You should not complete your case plan quickly! It’s best to show some progress, but not much, and certainly not by the artificial deadlines set by some childless social worker.
Ohio is committed to reunification, which means giving your kid back to you, but reunification must happen quickly. The “12/22” rule says that a child in the temporary custody of the state agency for any 12 months of a consecutive 22-month period satisfies the threshold test to proceed to the most holiest of grails regarding custody litigation: the “best interest” test.
Every child-related order in Ohio must advance the child’s best interests, according to the presiding trial judge. There are many factors to consider. Who cared about the child? Who can keep the child alive and get it educated? How does the child feel about whom s/he lives with? How well-adjusted is the child in school and at home after being subjected to nasty litigation for over a year? Who’s got criminal records for domestic violence?
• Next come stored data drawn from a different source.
(* Let $T$ be a CPTP map and $\mathcal{H}_S$ an invariant subspace with orthogonal projection $\Pi_S$. Then $\mathcal{H}_S$ is GAS if and only if the sequence of subspaces $\mathrm{supp}(T^{*n}(\Pi_S))$, $n=0,1,2,\dots$, is strictly increasing until it equals $\mathcal{H}$ (i.e. there is $N$ such that $\mathrm{supp}(T^{*n}(\Pi_S))\subsetneq\mathrm{supp}(T^{*(n+1)}(\Pi_S))$ for $n<N$ and $\mathrm{supp}(T^{*N}(\Pi_S))=\mathcal{H}$).
   Context: $\mathcal{H}$ is a finite-dimensional complex Hilbert space; $T$ is CPTP: $T(\rho)=\sum_kM_k\rho M_k^\dagger$, $\sum_kM_k^\dagger M_k=I$, with dual $T^*(A)=\sum_kM_k^\dagger AM_k$, $T^{*0}=\mathrm{id}$. $\mathrm{supp}(X)=(\ker X)^\perp$. $\mathcal{H}_S$ is invariant if $\rho\ge0$, $\mathrm{supp}(\rho)\subseteq\mathcal{H}_S$ implies $\mathrm{supp}(T(\rho))\subseteq\mathcal{H}_S$; an invariant $\mathcal{H}_S$ is GAS if $\lim_n\|T^n(\rho)-\Pi_ST^n(\rho)\Pi_S\|=0$ for every density operator $\rho$. *)

theory Defs
  imports "Jordan_Normal_Form.Schur_Decomposition" "Jordan_Normal_Form.Matrix_Kernel"
begin

text \<open>The Hilbert space is \<open>\<complex>^d\<close>, represented by \<open>carrier_vec d\<close>;
  operators are \<open>d \<times> d\<close> complex matrices. \<open>v \<bullet>c w\<close> is the inner product
  (conjugate-linear in the second argument), \<open>mat_adjoint\<close> is the conjugate transpose.\<close>

definition kraus_ops :: "nat \<Rightarrow> complex mat list \<Rightarrow> bool" where
  "kraus_ops d Ms \<longleftrightarrow> (\<forall>M \<in> set Ms. M \<in> carrier_mat d d) \<and>
     foldr (\<lambda>M acc. mat_adjoint M * M + acc) Ms (0\<^sub>m d d) = 1\<^sub>m d"

definition kraus_map :: "nat \<Rightarrow> complex mat list \<Rightarrow> complex mat \<Rightarrow> complex mat" where
  "kraus_map d Ms \<rho> = foldr (\<lambda>M acc. M * \<rho> * mat_adjoint M + acc) Ms (0\<^sub>m d d)"

definition kraus_dual :: "nat \<Rightarrow> complex mat list \<Rightarrow> complex mat \<Rightarrow> complex mat" where
  "kraus_dual d Ms A = foldr (\<lambda>M acc. mat_adjoint M * A * M + acc) Ms (0\<^sub>m d d)"

definition mtrace :: "complex mat \<Rightarrow> complex" where
  "mtrace A = (\<Sum>i < dim_row A. A $$ (i, i))"

definition positive_op :: "nat \<Rightarrow> complex mat \<Rightarrow> bool" where
  "positive_op d A \<longleftrightarrow> A \<in> carrier_mat d d \<and>
     (\<forall>v \<in> carrier_vec d. (A *\<^sub>v v) \<bullet>c v \<in> \<real> \<and> Re ((A *\<^sub>v v) \<bullet>c v) \<ge> 0)"

definition density_op :: "nat \<Rightarrow> complex mat \<Rightarrow> bool" where
  "density_op d \<rho> \<longleftrightarrow> positive_op d \<rho> \<and> mtrace \<rho> = 1"

definition supp :: "nat \<Rightarrow> complex mat \<Rightarrow> complex vec set" where
  "supp d X = {v \<in> carrier_vec d. \<forall>w \<in> mat_kernel X. v \<bullet>c w = 0}"

definition orth_proj :: "nat \<Rightarrow> complex mat \<Rightarrow> bool" where
  "orth_proj d P \<longleftrightarrow> P \<in> carrier_mat d d \<and> mat_adjoint P = P \<and> P * P = P"

definition proj_range :: "nat \<Rightarrow> complex mat \<Rightarrow> complex vec set" where
  "proj_range d P = {v \<in> carrier_vec d. P *\<^sub>v v = v}"

text \<open>Frobenius (Hilbert-Schmidt) norm; in finite dimension all norms are equivalent.\<close>
definition mnorm :: "complex mat \<Rightarrow> real" where
  "mnorm A = sqrt (\<Sum>i < dim_row A. \<Sum>j < dim_col A. (cmod (A $$ (i, j)))\<^sup>2)"

definition invariant_sub :: "nat \<Rightarrow> complex mat list \<Rightarrow> complex vec set \<Rightarrow> bool" where
  "invariant_sub d Ms HS \<longleftrightarrow>
     (\<forall>\<rho>. positive_op d \<rho> \<and> supp d \<rho> \<subseteq> HS \<longrightarrow> supp d (kraus_map d Ms \<rho>) \<subseteq> HS)"

definition GAS :: "nat \<Rightarrow> complex mat list \<Rightarrow> complex mat \<Rightarrow> bool" where
  "GAS d Ms P \<longleftrightarrow> invariant_sub d Ms (proj_range d P) \<and>
     (\<forall>\<rho>. density_op d \<rho> \<longrightarrow>
        (\<lambda>n. mnorm ((kraus_map d Ms ^^ n) \<rho> - P * (kraus_map d Ms ^^ n) \<rho> * P)) \<longlonglongrightarrow> 0)"

end

theory Submission
  imports Defs
begin

text \<open>
  Notation: T is the Kraus map, T* its dual, P the projection onto H_S and Q = 1 - P.
  The proof studies the positive operators P_n = T*^n(P) and B_n = T*^n(Q), which satisfy
  P_n + B_n = 1 as quadratic forms because T* is unital.

  (1) Invariance of H_S means that every Kraus operator maps H_S into itself; consequently
      B_n vanishes on H_S and the forms of B_n decrease, so the kernels of P_n decrease and
      their supports increase.
  (2) The kernel of P_(n+1) consists of the vectors w with M w in the kernel of P_n for every
      Kraus operator M.  Hence once two consecutive supports coincide the sequence is constant,
      and the supports increase strictly up to H iff some P_N is nondegenerate.
  (3) Trace duality gives tr(Q T^n(rho)) = tr(B_n rho).  If H_S is GAS this forces B_n to
      tend to 0, so some B_N has small entries and P_N is nondegenerate.
  (4) Conversely, a nondegenerate P_N satisfies P_N >= c with c > 0, hence B_N <= (1 - c) Q,
      which iterates to B_(kN) <= (1 - c)^k Q; so B_n tends to 0, tr(Q T^n(rho)) tends to 0,
      and Cauchy-Schwarz bounds the off-diagonal blocks of T^n(rho): H_S is GAS.

  Thus GAS, "B_n tends to 0" and "some P_N is nondegenerate" are equivalent, and the
  theorem follows from (2).
\<close>

section \<open>Linear algebra on \<open>\<complex>\<^sup>d\<close>\<close>

lemma cscalar_prod_sum:
  "dim_vec (y :: complex vec) = n \<Longrightarrow> x \<bullet>c y = (\<Sum>i<n. x $ i * cnj (y $ i))"
  unfolding scalar_prod_def by (auto intro!: sum.cong simp: atLeast0LessThan)

lemma cscalar_prod_swap:
  "x \<in> carrier_vec n \<Longrightarrow> y \<in> carrier_vec n \<Longrightarrow> x \<bullet>c y = cnj (y \<bullet>c (x :: complex vec))"
  by (simp add: cscalar_prod_sum[of _ n] mult.commute)

lemma row_scalar_prod_sum:
  "(A :: complex mat) \<in> carrier_mat n m \<Longrightarrow> x \<in> carrier_vec m \<Longrightarrow> i < n \<Longrightarrow>
   row A i \<bullet> x = (\<Sum>j<m. A $$ (i,j) * x $ j)"
  by (auto simp: scalar_prod_def atLeast0LessThan intro!: sum.cong)

lemma adjoint_carrier [simp]: "M \<in> carrier_mat n m \<Longrightarrow> mat_adjoint M \<in> carrier_mat m n"
  unfolding mat_adjoint_def by (auto simp: mat_of_rows_def)

lemma adjoint_dims [simp]: "dim_row (mat_adjoint M) = dim_col M" "dim_col (mat_adjoint M) = dim_row M"
  unfolding mat_adjoint_def by (auto simp: mat_of_rows_def)

lemma adjoint_adjoint [simp]: "mat_adjoint (mat_adjoint M) = (M :: complex mat)"
  by (rule eq_matI) (auto simp: mat_adjoint_def mat_of_rows_def)

lemma adjoint_index [simp]:
  "i < dim_col (M :: complex mat) \<Longrightarrow> j < dim_row M \<Longrightarrow> mat_adjoint M $$ (i,j) = cnj (M $$ (j,i))"
  unfolding mat_adjoint_def by (auto simp: mat_of_rows_def)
Who’s shooting heroin or hearing voices?
How long will it realistically take to reunify with the child?
Ohio demands answers to these questions.
A permanent custody action in family law is akin to the death penalty in criminal law (except in family law, the parent doesn’t die). The parent subject to such an action is entitled to free legal representation at every stage of the proceeding. The parent is also entitled to have a free attorney file objections and appeal the case to at least one higher court. The child is generally appointed a guardian ad litem to act as a check on the system and make recommendations about his/her best interests after investigating everyone.
This is a long and involved process and very exhaustive. Many parents simply ignore the whole thing, move frequently so that they cannot be served, and eventually hear on the street that their kid is now living somewhere else and will never be coming home. Other parents try hard but succumb to their addictions or start serving long prison sentences. In these cases, the government takes their child and can then make various orders about where and with whom the child lives.
Overall, parents who lose legal rights to their own children are very sad. They miss their kids and their cute little antics and wonder about what could have been.
And they rarely aggravate lawyers by calling at the front end to ask how to voluntarily surrender their child.